Aller au contenu

Cours d’agriculture (Rozier)/PINTADE ou PEINTADE

La bibliothèque libre.
Hôtel Serpente (Tome septièmep. 712-713).


PINTADE ou PEINTADE. Dénomination qu’elle mérite mieux que la première, attendu que son plumage semble peint & tacheté de marques noires & blanches. On la nomme encore Poule de Numidie, Poule de Guinée. C’est la numida meleagris. Lin.

Je n’ai jamais élevé de pintades, je suis obligé de copier ce qui a été dit : elle est de la grosseur d’une poule ; ses ailes étant pliées, s’étendent à un pouce au-delà de l’origine de la queue. La tête n’est pas couverte de plumes, il y a seulement, à l’origine du bec de quelques individus de cette espèce, un petit bouquet composé de poils roides, assez semblables a des soies de cochon. La pintade a sur le front une espèce de corne conique, courbée en arrière & couverte d’une peau de couleur fauve, brune & rougeâtre. Elle a aussi des membranes charnues d’un très-beau rouge, qui pendent à côté de l’ouverture du bec ; les joues sont bleuâtres dans le mâle & rouges dans la femelle. La partie supérieure du col est couverte de plumes noires, semblables à des poils ; la partie inférieure a une couleur cendrée tirant sur le violet ; les plumes du dos, du croupion, les petites des ailes, celles du dessus de la queue, de la poitrine, du ventre, des côtés du corps sont noires, & ont des taches blanches, rondes & symétriques ; le tour de ces taches est purement noir & le reste de la plume est d’un noir mêlé de cendré. Les taches du dos sont plus petites que celles des autres parties du corps, & il n’y a pas de couleur cendrée sur les plumes de toute la face inférieure de l’oiseau. Les grandes plumes des ailes sont noirâtres & ont des taches blanches. La queue est arrondie comme celle des perdrix, & de couleur grise ; elle a des taches blanches, rondes & entourées de noir ; elle porte sa queue recourbée comme la perdrix, ce qui fait paroisse bossu le dos de l’oiseau. Son bec est rouge à son origine, & de couleur de corne à son extrémité.
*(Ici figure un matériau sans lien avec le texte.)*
(* Let $\mathsf{RCA}_0+B\Sigma^0_2$ be the base theory. Then $B\Sigma^0_3$ is equivalent to the following statement: for every $u\in\mathbb{N}$ and every function $h:u\times\mathbb{N}\to\mathbb{N}$ such that for every $x<u$ there is $m$ with $h(x,z)<m$ for infinitely many $z$, there is $M\in\mathbb{N}$ such that for every $x<u$, $h(x,z)<M$ for infinitely many $z$.
   Context: $\mathbb{N}$ denotes the first-order universe of a model of second-order arithmetic; $h$ ranges over functions (sets) of the model. $B\Sigma^0_n$ is the $\Sigma^0_n$ bounding (collection) scheme. *)

theory Defs
  imports Main
begin

text \<open>Model-theoretic setting: L2-structures (Henkin models of second-order
arithmetic) whose first-order universe is the whole type 'a, together with the
collection of sets of the model. Arithmetical formulas are deeply embedded
(de Bruijn indices for number variables, set variables indexed by nat).\<close>

record 'a l2model =
  zer :: 'a
  one :: 'a
  add :: "'a \<Rightarrow> 'a \<Rightarrow> 'a"
  mul :: "'a \<Rightarrow> 'a \<Rightarrow> 'a"
  lt  :: "'a \<Rightarrow> 'a \<Rightarrow> bool"
  sets :: "'a set set"

datatype tm = Var nat | Zero | One | Plus tm tm | Times tm tm

datatype fm =
    Eq tm tm | Less tm tm | Mem tm nat
  | Neg fm | Conj fm fm | Disj fm fm
  | Ex fm | All fm
  | BEx tm fm   \<comment> \<open>exists x < t (t evaluated outside the binder)\<close>
  | BAll tm fm

primrec evt :: "'a l2model \<Rightarrow> (nat \<Rightarrow> 'a) \<Rightarrow> tm \<Rightarrow> 'a" where
  "evt M e (Var k) = e k"
| "evt M e Zero = zer M"
| "evt M e One = one M"
| "evt M e (Plus s t) = add M (evt M e s) (evt M e t)"
| "evt M e (Times s t) = mul M (evt M e s) (evt M e t)"

primrec sat :: "'a l2model \<Rightarrow> (nat \<Rightarrow> 'a) \<Rightarrow> (nat \<Rightarrow> 'a set) \<Rightarrow> fm \<Rightarrow> bool" where
  "sat M e E (Eq s t) = (evt M e s = evt M e t)"
| "sat M e E (Less s t) = lt M (evt M e s) (evt M e t)"
| "sat M e E (Mem t k) = (evt M e t \<in> E k)"
| "sat M e E (Neg p) = (\<not> sat M e E p)"
| "sat M e E (Conj p q) = (sat M e E p \<and> sat M e E q)"
| "sat M e E (Disj p q) = (sat M e E p \<or> sat M e E q)"
| "sat M e E (Ex p) = (\<exists>a. sat M (case_nat a e) E p)"
| "sat M e E (All p) = (\<forall>a. sat M (case_nat a e) E p)"
| "sat M e E (BEx t p) = (\<exists>a. lt M a (evt M e t) \<and> sat M (case_nat a e) E p)"
| "sat M e E (BAll t p) = (\<forall>a. lt M a (evt M e t) \<longrightarrow> sat M (case_nat a e) E p)"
Cet oiseau pond & couve de même que les poules ordinaires ; ses œufs sont plus petits & moins blancs, ils tirent un peu sur la couleur de chair & sont marqués de points noirs. On ne peut guère accoutumer la pintade à pondre dans le poulailler ; elle cherche le plus épais des haies & des broussailles où elle pond jusqu’à cent œufs successivement, pourvu qu’on en laisse quelqu’un dans son nid.
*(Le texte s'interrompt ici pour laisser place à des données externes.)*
lemma psi_tadd:
  assumes x: "deg1 A le n x" and y: "deg1 A le n y"
  shows "\<psi> n (tadd x y) = tadd (\<psi> n x) (\<psi> n y)"
proof (rule deg1_eq_if_Beq)
  show "deg1 B le' n (\<psi> n (tadd x y))" "deg1 B le' n (tadd (\<psi> n x) (\<psi> n y))"
    using x y by (simp_all add: deg1_psi deg1_tadd)
  have "Beq B le' (\<psi> n (tadd x y)) (\<phi> (tadd x y))"
    using x y by (intro Beq_sym[OF phi_Beq_psi] deg1_tadd)
  also have "Beq B le' \<dots> (tadd (\<phi> x) (\<phi> y))"
    using x y by (intro phi_tadd deg1_in_TP)
  also have "Beq B le' \<dots> (tadd (\<psi> n x) (\<psi> n y))"
    using x y by (intro Beq_tadd phi_Beq_psi)
  finally show "Beq B le' (\<psi> n (tadd x y)) (tadd (\<psi> n x) (\<psi> n y))" .
qed

lemma psi_tsmult:
  assumes x: "deg1 A le n x"
  shows "\<psi> n (tsmult c x) = tsmult c (\<psi> n x)"
proof (rule deg1_eq_if_Beq)
  show "deg1 B le' n (\<psi> n (tsmult c x))" "deg1 B le' n (tsmult c (\<psi> n x))"
    using x by (simp_all add: deg1_psi deg1_tsmult)
  have "Beq B le' (\<psi> n (tsmult c x)) (\<phi> (tsmult c x))"
    using x by (intro Beq_sym[OF phi_Beq_psi] deg1_tsmult)
  also have "Beq B le' \<dots> (tsmult c (\<phi> x))"
    using x by (intro phi_tsmult deg1_in_TP)
  also have "Beq B le' \<dots> (tsmult c (\<psi> n x))"
    using x by (intro Beq_tsmult phi_Beq_psi)
  finally show "Beq B le' (\<psi> n (tsmult c x)) (tsmult c (\<psi> n x))" .
qed

lemma psi_zero: "\<psi> n (\<lambda>_. 0) = (\<lambda>_. 0)"
  using psi_tsmult[OF deg1_zero, of n 0] by (simp add: tsmult_def)

lemma psi_sum:
  "finite S \<Longrightarrow> (\<And>i. i \<in> S \<Longrightarrow> deg1 A le n (g i)) \<Longrightarrow>
    \<psi> n (\<lambda>w. \<Sum>i\<in>S. g i w) = (\<lambda>w. \<Sum>i\<in>S. \<psi> n (g i) w)"
proof (induction S rule: finite_induct)
  case (insert i S)
  then have "\<psi> n (tadd (g i) (\<lambda>w. \<Sum>i\<in>S. g i w)) = tadd (\<psi> n (g i)) (\<psi> n (\<lambda>w. \<Sum>i\<in>S. g i w))"
    by (intro psi_tadd deg1_sum) auto
  with insert show ?case by (simp add: tadd_def)
qed (simp add: psi_zero)

lemma psi_deg1_expansion:
  assumes x: "deg1 A le n x"
  shows "\<psi> n x = (\<lambda>w. \<Sum>a\<in>{a. x [a] \<noteq> 0}. x [a] * \<psi> n (word [a]) w)"
proof -
  have words: "deg1 A le n (word [a])" if "a \<in> {a. x [a] \<noteq> 0}" for a
    using deg1_nonzero_singleton[OF x] that by (intro deg1_word) auto
  have "\<psi> n x = \<psi> n (\<lambda>w. \<Sum>a\<in>{a. x [a] \<noteq> 0}. tsmult (x [a]) (word [a]) w)"
    by (rule arg_cong[OF deg1_expansion[OF x]])
  also have "\<dots> = (\<lambda>w. \<Sum>a\<in>{a. x [a] \<noteq> 0}. \<psi> n (tsmult (x [a]) (word [a])) w)"
    using words by (intro psi_sum deg1_support_finite[OF x] deg1_tsmult)
  also have "\<dots> = (\<lambda>w. \<Sum>a\<in>{a. x [a] \<noteq> 0}. x [a] * \<psi> n (word [a]) w)"
    using psi_tsmult[OF words] by (intro ext sum.cong) (simp_all add: tsmult_def)
  finally show ?thesis .
qed

lemma psi_inj:
  assumes x: "deg1 A le n x" and y: "deg1 A le n y" and eq: "\<psi> n x = \<psi> n y"
  shows "x = y"
proof (rule deg1_eq_if_Beq[OF x y])
  have "Beq B le' (\<phi> x) (\<psi> n y)" using phi_Beq_psi[OF x] by (simp add: eq)
  also have "Beq B le' \<dots> (\<phi> y)" by (rule Beq_sym[OF phi_Beq_psi[OF y]])
  finally show "Beq A le x y" using x y by (intro phi_reflects deg1_in_TP)
qed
On ne permet guère aux pintades domestiques de couver leurs œufs, parce que les mères ne s’y attachent point & abandonnent souvent leurs petits ; on aime mieux les faire couver par des poules d’Inde ou par les poules communes. Les jeunes pintades ressemblent à des perdreaux ; leurs pieds & leurs becs rouges, joint à leur plumage qui est alors d’un gris de perdrix, les rendent fort agréables à la vue. On les nourrit avec du millet, mais elles sont très-difficiles à élever.[1]

La pintade est un oiseau extrêmement vif, inquiet, turbulent ; elle court avec une vitesse extraordinaire, à peu près comme la caille & la perdrix, & ne vole pas fort haut. Elle se plaît néanmoins à se percher sur les toits & sur les arbres, & elle s’y tient plus volontiers pendant la nuit que dans les poulaillers. Son cri est aigu, perçant, désagréable & presque continuel ; du reste, elle est d’humeur querelleuse & veut être la maîtresse dans la basse-cour ; les plus grosses volailles, même les poules-d’Inde sont forcées de lui céder. La dureté de son bec & l’agilité de ses mouvemens la font redouter de la volaille. La pintade est comptée parmi les meilleurs gibiers.


  1. Note de l’Éditeur. Cette difficulté est plutôt l’effet d’un climat froid, qui convient très-peu à un oiseau originaire de Numidie, sur-tout lorsqu’il est nourri uniquement avec du grain. Il gratte la terre comme les poules, ce qui indique que comme elles, comme les perdrix, &c. il vit également de vers, de sauterelles, & autres insectes semblables : sa domesticité ne peut lui faire perdre les goûts naturels, puisqu’ils tiennent à ses besoins.